** DATASET RECORDS **

lemma chain_from_below:
  assumes "q \<in> P - Pstar"
  obtains a ts where "a \<in> Pstar \<union> Op" and "set ts \<subseteq> C"
    and "successively (covers P) (a # ts @ [q])" and "a < q"
proof -
  have "q \<notin> Pstar \<longrightarrow> (\<exists>a ts. a \<in> Pstar \<union> Op \<and> set ts \<subseteq> C \<and>
          successively (covers P) (a # ts @ [q]) \<and> a < q)" if "q \<in> P" for q
    using finite_P that order.strict_trans less_irrefl
  proof (rule finite_strict_order_induct)
    fix q
    assume q: "q \<in> P" and IH: "\<And>c. c \<in> P \<Longrightarrow> c < q \<Longrightarrow> c \<notin> Pstar \<longrightarrow> (\<exists>a ts.
      a \<in> Pstar \<union> Op \<and> set ts \<subseteq> C \<and> successively (covers P) (a # ts @ [c]) \<and> a < c)"
    show "q \<notin> Pstar \<longrightarrow> (\<exists>a ts. a \<in> Pstar \<union> Op \<and> set ts \<subseteq> C \<and>
          successively (covers P) (a # ts @ [q]) \<and> a < q)"
    proof
      assume "q \<notin> Pstar"
      then obtain b where b: "b \<in> P" "b < q"
        using q extremal_marked by (auto simp: min_elems_def)
      obtain c where cov: "covers P c q"
        using exists_lower_cover[OF finite_P b(1) q b(2)] .
      then have c: "c \<in> P" "c < q"
        by (auto simp: covers_def)
      show "\<exists>a ts. a \<in> Pstar \<union> Op \<and> set ts \<subseteq> C \<and> successively (covers P) (a # ts @ [q]) \<and> a < q"
      proof (cases "c \<in> C")
        case True
        then obtain a ts where "a \<in> Pstar \<union> Op" "set ts \<subseteq> C"
          "successively (covers P) (a # ts @ [c])" "a < c"
          using IH[OF c] partition by blast
        moreover have "successively (covers P) (a # ts @ [c, q])"
          using successively_glue[of "covers P" "a # ts" c "[q]"] cov calculation(3) by simp
        ultimately show ?thesis
          using True c by (intro exI[of _ a] exI[of _ "ts @ [c]"]) (auto intro: order.strict_trans)
      next
        case False
        with c cov partition show ?thesis
          by (intro exI[of _ c] exI[of _ "[]"]) auto
      qed
    qed
  qed
  with assms that show thesis by blast
qed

** WHAT YOU WILL DO **
An exact copy of the lines from the one containing "c \<notin> Pstar \<longrightarrow> (\<exists>a ts." through the end of the entries is required, and nothing beyond them.

** ANSWER TO THE EXERCISE **
    assume q: "q \<in> P" and IH: "\<And>c. c \<in> P \<Longrightarrow> c < q \<Longrightarrow> c \<notin> Pstar \<longrightarrow> (\<exists>a ts.
      a \<in> Pstar \<union> Op \<and> set ts \<subseteq> C \<and> successively (covers P) (a # ts @ [c]) \<and> a < c)"
    show "q \<notin> Pstar \<longrightarrow> (\<exists>a ts. a \<in> Pstar \<union> Op \<and> set ts \<subseteq> C \<and>
          successively (covers P) (a # ts @ [q]) \<and> a < q)"
    proof
      assume "q \<notin> Pstar"
      then obtain b where b: "b \<in> P" "b < q"
        using q extremal_marked by (auto simp: min_elems_def)
      obtain c where cov: "covers P c q"
        using exists_lower_cover[OF finite_P b(1) q b(2)] .
      then have c: "c \<in> P" "c < q"
        by (auto simp: covers_def)
      show "\<exists>a ts. a \<in> Pstar \<union> Op \<and> set ts \<subseteq> C \<and> successively (covers P) (a # ts @ [q]) \<and> a < q"
      proof (cases "c \<in> C")
        case True
        then obtain a ts where "a \<in> Pstar \<union> Op" "set ts \<subseteq> C"
          "successively (covers P) (a # ts @ [c])" "a < c"
          using IH[OF c] partition by blast
        moreover have "successively (covers P) (a # ts @ [c, q])"
          using successively_glue[of "covers P" "a # ts" c "[q]"] cov calculation(3) by simp
        ultimately show ?thesis
          using True c by (intro exI[of _ a] exI[of _ "ts @ [c]"]) (auto intro: order.strict_trans)
      next
        case False
        with c cov partition show ?thesis
          by (intro exI[of _ c] exI[of _ "[]"]) auto
      qed
    qed
  qed
  with assms that show thesis by blast
qed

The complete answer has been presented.